__Stored entries__:
lemma ext_count_nat_blocks_canonical:
  assumes "finite W" "card W = k"
  shows "finite P \<Longrightarrow> P \<subseteq> {..<s} \<Longrightarrow> 1 \<le> s \<Longrightarrow> k - 1 \<le> x \<Longrightarrow> \<forall>y\<in>set rest. k - 1 \<le> y \<Longrightarrow>
    ext_count W F (P \<union> nat_blocks s (x # rest)) {} =
    ext_count W F (P \<union> nat_blocks s (canonical_lengths k (x # rest))) {}"
proof (induction rest arbitrary: x P s)
  case Nil
  then show ?case by (simp add: canonical_lengths_def)
next
  case (Cons y rest)
  define z where "z = x + y - (k - 1)"
  have "canonical_lengths k (x # y # rest) = (k - 1) # canonical_lengths k (z # rest)"
  proof -
    have "c \<le> x \<Longrightarrow> x + (y + R) - Suc n * c = (x + y - c) + R - n * c" for c R n :: nat
      by (simp add: algebra_simps)
    then have "x + (y + sum_list rest) - Suc (length rest) * (k - 1) = z + sum_list rest - length rest * (k - 1)"
      using Cons.prems(4) unfolding z_def by blast
    then show ?thesis unfolding canonical_lengths_def by simp
  qed
  then have canonical: "P \<union> nat_blocks s (canonical_lengths k (x # y # rest)) =
      (P \<union> {s..<s + (k - 1)}) \<union> nat_blocks (s + (k - 1) + 1) (canonical_lengths k (z # rest))"
    by (simp add: Un_assoc)
  have "ext_count W F (P \<union> nat_blocks s (x # y # rest)) {} =
      ext_count W F (P \<union> nat_blocks s ((k - 1) # z # rest)) {}"
    unfolding z_def by (rule ext_count_nat_blocks_fill_first) (use assms Cons.prems in auto)
  also have "P \<union> nat_blocks s ((k - 1) # z # rest) =
      (P \<union> {s..<s + (k - 1)}) \<union> nat_blocks (s + (k - 1) + 1) (z # rest)"
    by (simp add: Un_assoc)
  also have "ext_count W F \<dots> {} =
      ext_count W F ((P \<union> {s..<s + (k - 1)}) \<union> nat_blocks (s + (k - 1) + 1) (canonical_lengths k (z # rest))) {}"
    by (rule Cons.IH) (use Cons.prems in \<open>auto simp: z_def\<close>)
  finally show ?case unfolding canonical .
qed

lemma ext_count_nat_blocks_eq:
  assumes "finite W" "card W = k" "length xs = length ys" "sum_list xs = sum_list ys"
    "\<forall>x\<in>set xs. k - 1 \<le> x" "\<forall>y\<in>set ys. k - 1 \<le> y"
  shows "ext_count W F (nat_blocks 1 xs) {} = ext_count W F (nat_blocks 1 ys) {}"
proof (cases xs)
  case Nil
  then show ?thesis using assms by simp
next
  case (Cons x xs')
  then obtain y ys' where ys: "ys = y # ys'" using assms(3) by (cases ys) auto
  have "ext_count W F ({} \<union> nat_blocks 1 (x # xs')) {} = ext_count W F ({} \<union> nat_blocks 1 (canonical_lengths k (x # xs'))) {}"
    by (rule ext_count_nat_blocks_canonical) (use assms Cons in auto)
  moreover have "ext_count W F ({} \<union> nat_blocks 1 (y # ys')) {} = ext_count W F ({} \<union> nat_blocks 1 (canonical_lengths k (y # ys'))) {}"
    by (rule ext_count_nat_blocks_canonical) (use assms ys in auto)
  moreover have "canonical_lengths k (x # xs') = canonical_lengths k (y # ys')"
    using assms(3,4) Cons ys unfolding canonical_lengths_def by simp
  ultimately show ?thesis using Cons ys by simp
qed

theorem theorem2p4:
  fixes V :: "'a set" and E :: "'a set set"
    and V' :: "'c set" and E' :: "'c set set"
    and W :: "'b set" and F :: "'b set set"
    and k :: nat
  assumes "finite W" and "linear_forest W F" and "card W = k"
    and "finite V" and "\<exists>P. path_decomposition V E P \<and> (\<forall>p\<in>P. k - 1 \<le> card p)"
    and "finite V'" and "\<exists>P. path_decomposition V' E' P \<and> (\<forall>p\<in>P. k - 1 \<le> card p)"
    and "card V = card V'" and "card E = card E'"
  shows "induced_count V E W F = induced_count V' E' W F"
proof -
  obtain P where P: "path_decomposition V E P" "\<forall>p\<in>P. k - 1 \<le> card p" using assms(5) by blast
  obtain P' where P': "path_decomposition V' E' P'" "\<forall>p\<in>P'. k - 1 \<le> card p" using assms(7) by blast
  obtain ls where ls: "graph_iso (nat_blocks 1 ls) (nat_path_edges (nat_blocks 1 ls)) V E"
      "length ls + card E = card V" "set ls = card ` P" "sum_list ls = card V"
    using path_decomposition_iso_nat_blocks[OF assms(4) P(1)] by blast
  obtain ls' where ls': "graph_iso (nat_blocks 1 ls') (nat_path_edges (nat_blocks 1 ls')) V' E'"
      "length ls' + card E' = card V'" "set ls' = card ` P'" "sum_list ls' = card V'"
    using path_decomposition_iso_nat_blocks[OF assms(6) P'(1)] by blast
  have "induced_count V E W F = ext_count W F (nat_blocks 1 ls) {}"
    by (rule induced_count_eq_ext_count[OF ls(1)])
  also have "\<dots> = ext_count W F (nat_blocks 1 ls') {}"
    using ls ls' P(2) P'(2) assms(8,9) by (intro ext_count_nat_blocks_eq[OF assms(1,3)]) auto
  also have "\<dots> = induced_count V' E' W F"
    by (rule induced_count_eq_ext_count[OF ls'(1), symmetric])
  finally show ?thesis .
qed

__Exercise instructions__: Copy every record verbatim.

__Response for this exercise__:
lemma ext_count_nat_blocks_canonical:
  assumes "finite W" "card W = k"
  shows "finite P \<Longrightarrow> P \<subseteq> {..<s} \<Longrightarrow> 1 \<le> s \<Longrightarrow> k - 1 \<le> x \<Longrightarrow> \<forall>y\<in>set rest. k - 1 \<le> y \<Longrightarrow>
    ext_count W F (P \<union> nat_blocks s (x # rest)) {} =
    ext_count W F (P \<union> nat_blocks s (canonical_lengths k (x # rest))) {}"
proof (induction rest arbitrary: x P s)
  case Nil
  then show ?case by (simp add: canonical_lengths_def)
next
  case (Cons y rest)
  define z where "z = x + y - (k - 1)"
  have "canonical_lengths k (x # y # rest) = (k - 1) # canonical_lengths k (z # rest)"
  proof -
    have "c \<le> x \<Longrightarrow> x + (y + R) - Suc n * c = (x + y - c) + R - n * c" for c R n :: nat
      by (simp add: algebra_simps)
    then have "x + (y + sum_list rest) - Suc (length rest) * (k - 1) = z + sum_list rest - length rest * (k - 1)"
      using Cons.prems(4) unfolding z_def by blast
    then show ?thesis unfolding canonical_lengths_def by simp
  qed
  then have canonical: "P \<union> nat_blocks s (canonical_lengths k (x # y # rest)) =
      (P \<union> {s..<s + (k - 1)}) \<union> nat_blocks (s + (k - 1) + 1) (canonical_lengths k (z # rest))"
    by (simp add: Un_assoc)
  have "ext_count W F (P \<union> nat_blocks s (x # y # rest)) {} =
      ext_count W F (P \<union> nat_blocks s ((k - 1) # z # rest)) {}"
    unfolding z_def by (rule ext_count_nat_blocks_fill_first) (use assms Cons.prems in auto)
  also have "P \<union> nat_blocks s ((k - 1) # z # rest) =
      (P \<union> {s..<s + (k - 1)}) \<union> nat_blocks (s + (k - 1) + 1) (z # rest)"
    by (simp add: Un_assoc)
  also have "ext_count W F \<dots> {} =
      ext_count W F ((P \<union> {s..<s + (k - 1)}) \<union> nat_blocks (s + (k - 1) + 1) (canonical_lengths k (z # rest))) {}"
    by (rule Cons.IH) (use Cons.prems in \<open>auto simp: z_def\<close>)
  finally show ?case unfolding canonical .
qed

lemma ext_count_nat_blocks_eq:
  assumes "finite W" "card W = k" "length xs = length ys" "sum_list xs = sum_list ys"
    "\<forall>x\<in>set xs. k - 1 \<le> x" "\<forall>y\<in>set ys. k - 1 \<le> y"
  shows "ext_count W F (nat_blocks 1 xs) {} = ext_count W F (nat_blocks 1 ys) {}"
proof (cases xs)
  case Nil
  then show ?thesis using assms by simp
next
  case (Cons x xs')
  then obtain y ys' where ys: "ys = y # ys'" using assms(3) by (cases ys) auto
  have "ext_count W F ({} \<union> nat_blocks 1 (x # xs')) {} = ext_count W F ({} \<union> nat_blocks 1 (canonical_lengths k (x # xs'))) {}"
    by (rule ext_count_nat_blocks_canonical) (use assms Cons in auto)
  moreover have "ext_count W F ({} \<union> nat_blocks 1 (y # ys')) {} = ext_count W F ({} \<union> nat_blocks 1 (canonical_lengths k (y # ys'))) {}"
    by (rule ext_count_nat_blocks_canonical) (use assms ys in auto)
  moreover have "canonical_lengths k (x # xs') = canonical_lengths k (y # ys')"
    using assms(3,4) Cons ys unfolding canonical_lengths_def by simp
  ultimately show ?thesis using Cons ys by simp
qed

theorem theorem2p4:
  fixes V :: "'a set" and E :: "'a set set"
    and V' :: "'c set" and E' :: "'c set set"
    and W :: "'b set" and F :: "'b set set"
    and k :: nat
  assumes "finite W" and "linear_forest W F" and "card W = k"
    and "finite V" and "\<exists>P. path_decomposition V E P \<and> (\<forall>p\<in>P. k - 1 \<le> card p)"
    and "finite V'" and "\<exists>P. path_decomposition V' E' P \<and> (\<forall>p\<in>P. k - 1 \<le> card p)"
    and "card V = card V'" and "card E = card E'"
  shows "induced_count V E W F = induced_count V' E' W F"
proof -
  obtain P where P: "path_decomposition V E P" "\<forall>p\<in>P. k - 1 \<le> card p" using assms(5) by blast
  obtain P' where P': "path_decomposition V' E' P'" "\<forall>p\<in>P'. k - 1 \<le> card p" using assms(7) by blast
  obtain ls where ls: "graph_iso (nat_blocks 1 ls) (nat_path_edges (nat_blocks 1 ls)) V E"
      "length ls + card E = card V" "set ls = card ` P" "sum_list ls = card V"
    using path_decomposition_iso_nat_blocks[OF assms(4) P(1)] by blast
  obtain ls' where ls': "graph_iso (nat_blocks 1 ls') (nat_path_edges (nat_blocks 1 ls')) V' E'"
      "length ls' + card E' = card V'" "set ls' = card ` P'" "sum_list ls' = card V'"
    using path_decomposition_iso_nat_blocks[OF assms(6) P'(1)] by blast
  have "induced_count V E W F = ext_count W F (nat_blocks 1 ls) {}"
    by (rule induced_count_eq_ext_count[OF ls(1)])
  also have "\<dots> = ext_count W F (nat_blocks 1 ls') {}"
    using ls ls' P(2) P'(2) assms(8,9) by (intro ext_count_nat_blocks_eq[OF assms(1,3)]) auto
  also have "\<dots> = induced_count V' E' W F"
    by (rule induced_count_eq_ext_count[OF ls'(1), symmetric])
  finally show ?thesis .
qed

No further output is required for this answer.